May the gods send their hosts to piece together the woeful warrior who mistook her for a spoil of battle....

  “You smell terrible, Gonji-Gunnar,” she told him when he reentered the kitchen, “and you look like hell. Go wash in that basin there—and get that stinking coat away from Hildy’s larder.”

  The samurai scowled and looked at his arms, sniffed his sticky tunic. He held up Milorad’s capote in two fingers.

  “Mud and blood and shit,” he grumbled. “That’s been my karma ever since I arrived here.”

  Hildegarde snatched the capote from him, scrubbed it in a wash basin, and hung it to dry near the hot stones around the cooking fire in her kitchen hearth, where fish were broiling with a merry crackle.

  Gonji laved himself with the ewer and basin, untied his topknot and washed his hair, retying it properly when it was dried. The Scandinavian warrior-woman treated his cuts and abrasions with a mushy poultice that burned like saltwater, then instructed him to rinse his mouth with a diluted cup of the same evil concoction.

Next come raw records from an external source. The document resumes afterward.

definition minus_eig :: "('a::real_vector \<Rightarrow> 'a) \<Rightarrow> 'a set" where
  "minus_eig f = {x. f x = - x}"

definition max_abelian_subspace ::
  "('a::euclidean_space \<Rightarrow> 'a \<Rightarrow> 'a) \<Rightarrow> 'a set \<Rightarrow> 'a set \<Rightarrow> bool" where
  "max_abelian_subspace br t S \<longleftrightarrow>
     subspace t \<and> t \<subseteq> S \<and> (\<forall>x\<in>t. \<forall>y\<in>t. br x y = 0) \<and>
     (\<forall>u. subspace u \<and> t \<subseteq> u \<and> u \<subseteq> S \<and> (\<forall>x\<in>u. \<forall>y\<in>u. br x y = 0) \<longrightarrow> u = t)"

text \<open>Complexification g_C = g + i g, an element X1 + i X2 represented by the pair (X1, X2).
  A linear form alpha : t \<rightarrow> i\<real> is represented as alpha = i * lam with lam a real
  linear form (only its values on t matter).
  [Y, X1 + i X2] = i lam(Y) (X1 + i X2)  iff  [Y,X1] = -lam(Y) X2 and [Y,X2] = lam(Y) X1.
  The set V is the real subspace (g, k or m) whose complexification we intersect with.\<close>
definition weight_space ::
  "('a::euclidean_space \<Rightarrow> 'a \<Rightarrow> 'a) \<Rightarrow> 'a set \<Rightarrow> ('a \<Rightarrow> real) \<Rightarrow> 'a set \<Rightarrow> ('a \<times> 'a) set" where
  "weight_space br t lam V =
     {(X1, X2). X1 \<in> V \<and> X2 \<in> V \<and>
        (\<forall>Y\<in>t. br Y X1 = - (lam Y *\<^sub>R X2) \<and> br Y X2 = lam Y *\<^sub>R X1)}"

definition is_root ::
  "('a::euclidean_space \<Rightarrow> 'a \<Rightarrow> 'a) \<Rightarrow> 'a set \<Rightarrow> ('a \<Rightarrow> real) \<Rightarrow> 'a set \<Rightarrow> bool" where
  "is_root br t lam V \<longleftrightarrow> (\<exists>Y\<in>t. lam Y \<noteq> 0) \<and> (\<exists>X\<in>weight_space br t lam V. X \<noteq> (0, 0))"

end

theory Submission
  imports Defs
begin

text \<open>
  Write \<open>k\<close>, \<open>m\<close> for the eigenspaces of \<open>\<theta>\<close> and \<open>B\<^sub>\<theta>(x, y) = -B(x, \<theta> y)\<close> for the
  positive definite form given by the Cartan involution; for \<open>Y \<in> t \<subseteq> k\<close> the map \<open>ad Y\<close> is
  \<open>B\<^sub>\<theta>\<close>-skew. The operators \<open>ad Y ad Z\<close> (\<open>Y, Z \<in> t\<close>) are then symmetric and commute with
  \<open>ad t\<close>, so by Schur's lemma they act by scalars on every minimal \<open>t\<close>-invariant subspace of
  \<open>m\<close>. This yields vectors \<open>u, u' \<in> m\<close> with \<open>[Y, u] = \<nu>(Y) u'\<close> and \<open>[Y, u'] = -\<nu>(Y) u\<close>, i.e.
  real and imaginary parts of weight vectors of \<open>m\<^sub>\<complex>\<close>, and such \<open>u\<close> span \<open>m\<close> by an
  orthogonal complement argument. Since \<open>g\<close> is noncompact and has no proper \<open>\<sigma>\<close>-stable
  ideals, the ideal \<open>m + [m, m]\<close> is \<open>g\<close>, so \<open>k = [m, m]\<close>. A weight vector
  \<open>Z\<^sub>1 + i Z\<^sub>2\<close> of \<open>k\<^sub>\<complex>\<close> for \<open>\<alpha>\<close> therefore pairs nontrivially with some \<open>[u, v]\<close>, and
  comparing the action of \<open>t\<close> on the eight pairings of \<open>Z\<^sub>1, Z\<^sub>2\<close> with \<open>[u, v], [u', v],
  [u, v'], [u', v']\<close> forces \<open>\<alpha> = \<plusminus>\<nu>\<^sub>u \<plusminus> \<nu>\<^sub>v\<close> on \<open>t\<close>.
\<close>

lemma trace_map_comp_commute:
  fixes f g :: "'a::euclidean_space \<Rightarrow> 'a"
  assumes "linear f" "linear g"
  shows "trace_map (\<lambda>z. f (g z)) = trace_map (\<lambda>z. g (f z))"
proof -
  have "trace_map (\<lambda>z. f (g z)) = (\<Sum>b\<in>Basis. \<Sum>c\<in>Basis. (g b \<bullet> c) * (f c \<bullet> b))"
    unfolding trace_map_def
    by (intro sum.cong refl Linear_Algebra.linear_componentwise[OF assms(1)])
  also have "\<dots> = (\<Sum>c\<in>Basis. \<Sum>b\<in>Basis. (f c \<bullet> b) * (g b \<bullet> c))"
    by (subst sum.swap) (simp add: mult.commute)
  also have "\<dots> = trace_map (\<lambda>z. g (f z))"
    unfolding trace_map_def
    by (intro sum.cong refl Linear_Algebra.linear_componentwise[OF assms(2), symmetric])
  finally show ?thesis .
qed

lemma trace_map_diff: "trace_map (\<lambda>z. f z - g z) = trace_map f - trace_map g"
  unfolding trace_map_def by (simp add: inner_diff_left sum_subtractf)

lemma subspace_plus_eig: "linear f \<Longrightarrow> subspace (plus_eig f)"
  unfolding subspace_def plus_eig_def by (simp add: linear_0 linear_add linear_scale)

lemma subspace_minus_eig: "linear f \<Longrightarrow> subspace (minus_eig f)"
  unfolding subspace_def minus_eig_def by (simp add: linear_0 linear_add linear_scale)

lemma plus_minus_eig_zero:
  assumes "x \<in> plus_eig f" "x \<in> minus_eig f"
  shows "x = 0"
proof -
  have "f x = x" "f x = - x" using assms unfolding plus_eig_def minus_eig_def by auto
  then have "x + x = 0" by (metis add.right_inverse)
  then have "2 *\<^sub>R x = 0" by (simp only: scaleR_2)
  then show ?thesis by simp
qed

lemma weight_space_swap:
  "(X1, X2) \<in> weight_space br t \<nu> V \<Longrightarrow> (X2, X1) \<in> weight_space br t (\<lambda>Y. - \<nu> Y) V"
  unfolding weight_space_def by auto

lemma weight_space_obtain_first_nonzero:
  assumes "bilinear br" "subspace V" "X \<in> weight_space br t \<nu> V" "X \<noteq> (0, 0)"
  obtains Z1 Z2 where "(Z1, Z2) \<in> weight_space br t \<nu> V" "Z1 \<noteq> 0"
proof -
  obtain X1 X2 where X: "X = (X1, X2)" by fastforce
  show ?thesis
  proof (cases "X1 = 0")
    case True
    \<comment> \<open>multiplication by \<open>-i\<close> on the complexification\<close>
    have "(X2, - X1) \<in> weight_space br t \<nu> V"
      using assms(1-3) unfolding X weight_space_def by (auto simp: bilinear_rneg subspace_neg)
    then show ?thesis using True assms(4) X that by auto
  qed (use assms(3) X that in auto)
qed

lemma quadratic_nonneg_imp_linear_coeff_zero:
  fixes a b :: real
  assumes "\<And>s. 2 * s * b + s\<^sup>2 * a \<ge> 0"
  shows "b = 0"
proof (rule ccontr)
  assume "b \<noteq> 0"
  define s where "s = - b / (\<bar>a\<bar> + 1)"
  have "2 * s * b + s\<^sup>2 * a \<le> 2 * s * b + s\<^sup>2 * \<bar>a\<bar>" by (simp add: mult_left_mono)
  also have "\<dots> = (b\<^sup>2 / (\<bar>a\<bar> + 1)\<^sup>2) * (\<bar>a\<bar> - 2 * (\<bar>a\<bar> + 1))"
    unfolding s_def power2_eq_square by (simp add: divide_simps) (simp add: algebra_simps)
  also have "\<dots> < 0"
    using \<open>b \<noteq> 0\<close> by (intro mult_pos_neg) auto
  finally show False using assms by (meson not_le)
qed

lemma rayleigh_quotient_max:
  fixes P :: "'a::euclidean_space \<Rightarrow> 'a \<Rightarrow> real"
  assumes P: "bilinear P" "\<And>x. x \<noteq> 0 \<Longrightarrow> P x x > 0"
    and W: "subspace W" "W \<noteq> {0}" and S: "linear S"
  obtains c x0 where "x0 \<in> W" "x0 \<noteq> 0" "P (S x0) x0 = c * P x0 x0"
    "\<And>y. y \<in> W \<Longrightarrow> P (S y) y \<le> c * P y y"
proof -
  define K where "K = sphere 0 1 \<inter> W"
  define f where "f x = P (S x) x / P x x" for x
  have K0: "x \<noteq> 0" if "x \<in> K" for x using that unfolding K_def by auto
  have normalize_K: "(1 / norm y) *\<^sub>R y \<in> K" if "y \<in> W" "y \<noteq> 0" for y
    unfolding K_def using that W(1) by (auto simp: subspace_scale)
  have f_normalize: "f ((1 / norm y) *\<^sub>R y) = f y" for y
    unfolding f_def using S P(1)
    by (simp add: linear_0 linear_scale bilinear_lmul bilinear_rmul bilinear_rzero)
  have "compact K" unfolding K_def by (rule compact_Int_closed) (auto simp: closed_subspace W)
  moreover have "K \<noteq> {}" using W normalize_K subspace_0 by blast
  moreover have "continuous_on K f" unfolding f_def
  proof (rule continuous_on_divide)
    show "continuous_on K (\<lambda>x. P (S x) x)"
      using S linear_continuous_on linear_conv_bounded_linear
      by (blast intro: bilinear_continuous_on_compose[OF _ continuous_on_id P(1)])
    show "continuous_on K (\<lambda>x. P x x)"
      by (rule bilinear_continuous_on_compose[OF continuous_on_id continuous_on_id P(1)])
  qed (use K0 P(2) in fastforce)
  ultimately obtain x0 where x0: "x0 \<in> K" "\<And>y. y \<in> K \<Longrightarrow> f y \<le> f x0"
    using continuous_attains_sup by metis
  show ?thesis
  proof (rule that)
    show "x0 \<in> W" "x0 \<noteq> 0" using x0(1) K0 unfolding K_def by auto
    then show "P (S x0) x0 = f x0 * P x0 x0" using P(2)[of x0] unfolding f_def by force
    show "P (S y) y \<le> f x0 * P y y" if "y \<in> W" for y
    proof (cases "y = 0")
      case True
      then show ?thesis using S P(1) by (simp add: linear_0 bilinear_rzero)
    next
      case False
      then have "f y \<le> f x0" using x0(2)[OF normalize_K[OF that]] f_normalize by simp
      then show ?thesis using P(2)[OF False] unfolding f_def by (simp add: divide_le_eq)
    qed
  qed
qed

lemma symmetric_operator_has_eigenvector:
  fixes P :: "'a::euclidean_space \<Rightarrow> 'a \<Rightarrow> real"
  assumes P: "bilinear P" "\<And>x y. P x y = P y x" "\<And>x. x \<noteq> 0 \<Longrightarrow> P x x > 0"
    and W: "subspace W" "W \<noteq> {0}"
    and S: "linear S" "\<And>x. x \<in> W \<Longrightarrow> S x \<in> W"
    and S_sym: "\<And>x y. x \<in> W \<Longrightarrow> y \<in> W \<Longrightarrow> P (S x) y = P x (S y)"
  obtains x c where "x \<in> W" "x \<noteq> 0" "S x = c *\<^sub>R x"
proof -
  obtain c x0 where x0: "x0 \<in> W" "x0 \<noteq> 0" "P (S x0) x0 = c * P x0 x0"
    and max: "\<And>y. y \<in> W \<Longrightarrow> P (S y) y \<le> c * P y y"
    using rayleigh_quotient_max[OF P(1,3) W S(1)] by metis
  define h where "h = c *\<^sub>R x0 - S x0"
  have hW: "h \<in> W" unfolding h_def using W x0 S by (simp add: subspace_diff subspace_scale)
  have hh: "P h h = c * P x0 h - P (S x0) h"
    unfolding h_def using P(1) by (simp add: bilinear_lsub bilinear_lmul)
  have Sh: "P (S h) x0 = P (S x0) h" using S_sym[OF hW x0(1)] P(2) by metis
  \<comment> \<open>first variation of the Rayleigh quotient at its maximum along \<open>h\<close>\<close>
  have "2 * s * P h h + s\<^sup>2 * (c * P h h - P (S h) h) \<ge> 0" for s
  proof -
    have "x0 + s *\<^sub>R h \<in> W" using x0 hW W by (simp add: subspace_add subspace_scale)
    moreover have "c * P (x0 + s *\<^sub>R h) (x0 + s *\<^sub>R h) - P (S (x0 + s *\<^sub>R h)) (x0 + s *\<^sub>R h)
        = (c * P x0 x0 - P (S x0) x0) + 2 * s * (c * P x0 h - P (S x0) h)
          + s\<^sup>2 * (c * P h h - P (S h) h)"
      using S(1) P(1) Sh P(2)[of h x0]
      by (simp add: linear_add linear_scale bilinear_ladd bilinear_radd bilinear_lmul bilinear_rmul
          algebra_simps power2_eq_square)
    ultimately show ?thesis using max x0(3) unfolding hh[symmetric] by fastforce
  qed
  then have "P h h = 0" by (rule quadratic_nonneg_imp_linear_coeff_zero)
  then have "h = 0" using P(3)[of h] by fastforce
  then have "S x0 = c *\<^sub>R x0" unfolding h_def by simp
  then show ?thesis by (rule that[OF x0(1,2)])
qed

  Doing so, he fancied that his face had melted from the mouth outward to leave nothing but his grinning skull, but he showed nothing of the shock in his expression. Hildegarde tossed her head, eyes glistening with lunatic approval, as though he had passed some arcane test.

  Then, when she saw how he limped on the bruised knee, she had him remove his breeches so that she could wrap the discovered gash with linen and more of the foul poultice.

  “Drink,” she commanded, slamming a goblet of dark, potent ale on the table before him.

  When his unsubtle sniffing overtures elicited no invitation to sup, Gonji asked, “Were you just starting or finishing your supper when I intruded?”

  “Now,” she replied without looking at him, “you see the trout sizzling over there.... And here, Gonji-Gunnar, you see Hildy culponing more. So what do you think?”

  They ate until belching full, washing down their trout and rye bread with some of the ale, but Gonji quickly switched to water.

  “Wilfred been down the lane looking for you earlier,” she told him while they ate. She had no idea what his comrade had wanted but began plying Gonji with questions regarding the evacuation and battle to come. Most of these were of a tactical nature, and he replied honestly, seeing no reason to suspect her motives. His answers seemed satisfactory to her—which made one of them confidently satisfied—and she soon lost interest in conversation.